(Stored data):
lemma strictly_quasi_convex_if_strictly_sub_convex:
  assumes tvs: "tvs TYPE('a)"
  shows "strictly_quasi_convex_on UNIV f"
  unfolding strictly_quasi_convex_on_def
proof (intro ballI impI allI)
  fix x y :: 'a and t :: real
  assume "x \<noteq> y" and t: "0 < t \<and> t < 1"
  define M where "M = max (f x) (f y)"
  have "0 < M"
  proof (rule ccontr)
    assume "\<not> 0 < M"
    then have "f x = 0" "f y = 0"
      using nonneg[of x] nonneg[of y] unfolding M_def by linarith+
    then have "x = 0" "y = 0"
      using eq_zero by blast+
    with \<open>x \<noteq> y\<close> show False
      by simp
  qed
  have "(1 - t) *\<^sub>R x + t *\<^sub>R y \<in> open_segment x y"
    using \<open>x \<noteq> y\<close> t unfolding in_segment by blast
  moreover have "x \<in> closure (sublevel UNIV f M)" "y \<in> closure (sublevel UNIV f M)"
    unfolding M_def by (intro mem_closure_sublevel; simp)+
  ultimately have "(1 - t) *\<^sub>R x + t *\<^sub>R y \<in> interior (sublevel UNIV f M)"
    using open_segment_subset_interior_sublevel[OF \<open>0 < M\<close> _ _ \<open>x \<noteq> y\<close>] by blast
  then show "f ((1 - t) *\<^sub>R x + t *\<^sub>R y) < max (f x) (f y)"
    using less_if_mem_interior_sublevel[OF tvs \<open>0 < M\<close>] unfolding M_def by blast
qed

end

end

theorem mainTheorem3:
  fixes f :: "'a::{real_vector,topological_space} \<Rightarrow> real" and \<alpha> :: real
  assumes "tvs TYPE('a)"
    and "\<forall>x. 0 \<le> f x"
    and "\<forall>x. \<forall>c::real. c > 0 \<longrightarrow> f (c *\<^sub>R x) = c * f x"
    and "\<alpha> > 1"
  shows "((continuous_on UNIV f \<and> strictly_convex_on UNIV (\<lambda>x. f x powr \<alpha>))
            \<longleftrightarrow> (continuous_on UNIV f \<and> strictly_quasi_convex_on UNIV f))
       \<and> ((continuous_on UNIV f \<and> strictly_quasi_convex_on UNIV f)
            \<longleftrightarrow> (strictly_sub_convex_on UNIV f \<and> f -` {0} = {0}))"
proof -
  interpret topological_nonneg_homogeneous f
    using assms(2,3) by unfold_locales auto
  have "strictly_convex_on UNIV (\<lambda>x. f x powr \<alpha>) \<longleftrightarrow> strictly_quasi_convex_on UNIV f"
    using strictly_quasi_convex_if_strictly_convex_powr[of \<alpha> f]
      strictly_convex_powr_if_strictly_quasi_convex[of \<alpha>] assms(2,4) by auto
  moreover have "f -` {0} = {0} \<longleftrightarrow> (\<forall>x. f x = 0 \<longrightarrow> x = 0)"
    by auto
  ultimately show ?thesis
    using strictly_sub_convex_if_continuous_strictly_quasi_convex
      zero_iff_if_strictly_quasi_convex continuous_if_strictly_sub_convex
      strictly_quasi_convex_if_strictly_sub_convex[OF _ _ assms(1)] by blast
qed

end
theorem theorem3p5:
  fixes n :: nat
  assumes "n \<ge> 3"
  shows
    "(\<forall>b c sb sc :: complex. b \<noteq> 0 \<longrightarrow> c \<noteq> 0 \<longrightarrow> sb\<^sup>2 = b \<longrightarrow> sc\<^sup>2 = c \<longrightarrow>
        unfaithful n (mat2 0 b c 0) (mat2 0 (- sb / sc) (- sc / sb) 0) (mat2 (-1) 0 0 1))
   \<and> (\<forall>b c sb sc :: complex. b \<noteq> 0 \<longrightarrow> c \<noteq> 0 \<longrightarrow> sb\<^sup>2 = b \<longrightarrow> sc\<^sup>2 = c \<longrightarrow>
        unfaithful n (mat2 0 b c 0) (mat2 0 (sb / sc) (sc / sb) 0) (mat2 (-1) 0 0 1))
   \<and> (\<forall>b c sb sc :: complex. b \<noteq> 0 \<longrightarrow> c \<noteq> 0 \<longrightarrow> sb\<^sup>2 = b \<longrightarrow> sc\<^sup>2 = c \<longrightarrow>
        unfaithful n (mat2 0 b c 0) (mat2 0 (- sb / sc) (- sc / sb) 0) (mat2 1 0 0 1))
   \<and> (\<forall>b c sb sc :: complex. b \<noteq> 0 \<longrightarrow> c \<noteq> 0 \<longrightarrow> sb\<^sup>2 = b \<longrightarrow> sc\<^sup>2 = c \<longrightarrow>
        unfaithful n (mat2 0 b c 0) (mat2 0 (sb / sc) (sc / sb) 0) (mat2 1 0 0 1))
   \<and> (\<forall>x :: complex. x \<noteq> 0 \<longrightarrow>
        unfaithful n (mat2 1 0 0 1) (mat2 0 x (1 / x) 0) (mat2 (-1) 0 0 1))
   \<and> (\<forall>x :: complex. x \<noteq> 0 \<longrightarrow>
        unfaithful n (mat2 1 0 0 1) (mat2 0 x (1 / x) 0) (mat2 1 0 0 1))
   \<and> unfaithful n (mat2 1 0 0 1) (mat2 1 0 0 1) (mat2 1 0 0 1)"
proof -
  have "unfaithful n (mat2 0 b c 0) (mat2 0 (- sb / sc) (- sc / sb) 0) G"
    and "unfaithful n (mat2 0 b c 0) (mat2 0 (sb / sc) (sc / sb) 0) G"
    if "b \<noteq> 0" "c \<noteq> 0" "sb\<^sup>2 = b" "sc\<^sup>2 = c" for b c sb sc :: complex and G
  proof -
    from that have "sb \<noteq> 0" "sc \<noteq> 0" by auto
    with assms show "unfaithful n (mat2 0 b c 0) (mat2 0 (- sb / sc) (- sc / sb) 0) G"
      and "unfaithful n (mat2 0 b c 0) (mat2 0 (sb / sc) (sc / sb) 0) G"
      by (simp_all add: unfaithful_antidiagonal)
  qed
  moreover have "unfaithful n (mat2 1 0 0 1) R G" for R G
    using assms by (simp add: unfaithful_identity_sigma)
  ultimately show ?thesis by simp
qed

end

(TO DO):
If a line in the entries above contains the word "moreover", copy it.

(ANSWER SPACE):
  moreover have "x \<in> closure (sublevel UNIV f M)" "y \<in> closure (sublevel UNIV f M)"
  moreover have "f -` {0} = {0} \<longleftrightarrow> (\<forall>x. f x = 0 \<longrightarrow> x = 0)"
  moreover have "unfaithful n (mat2 1 0 0 1) R G" for R G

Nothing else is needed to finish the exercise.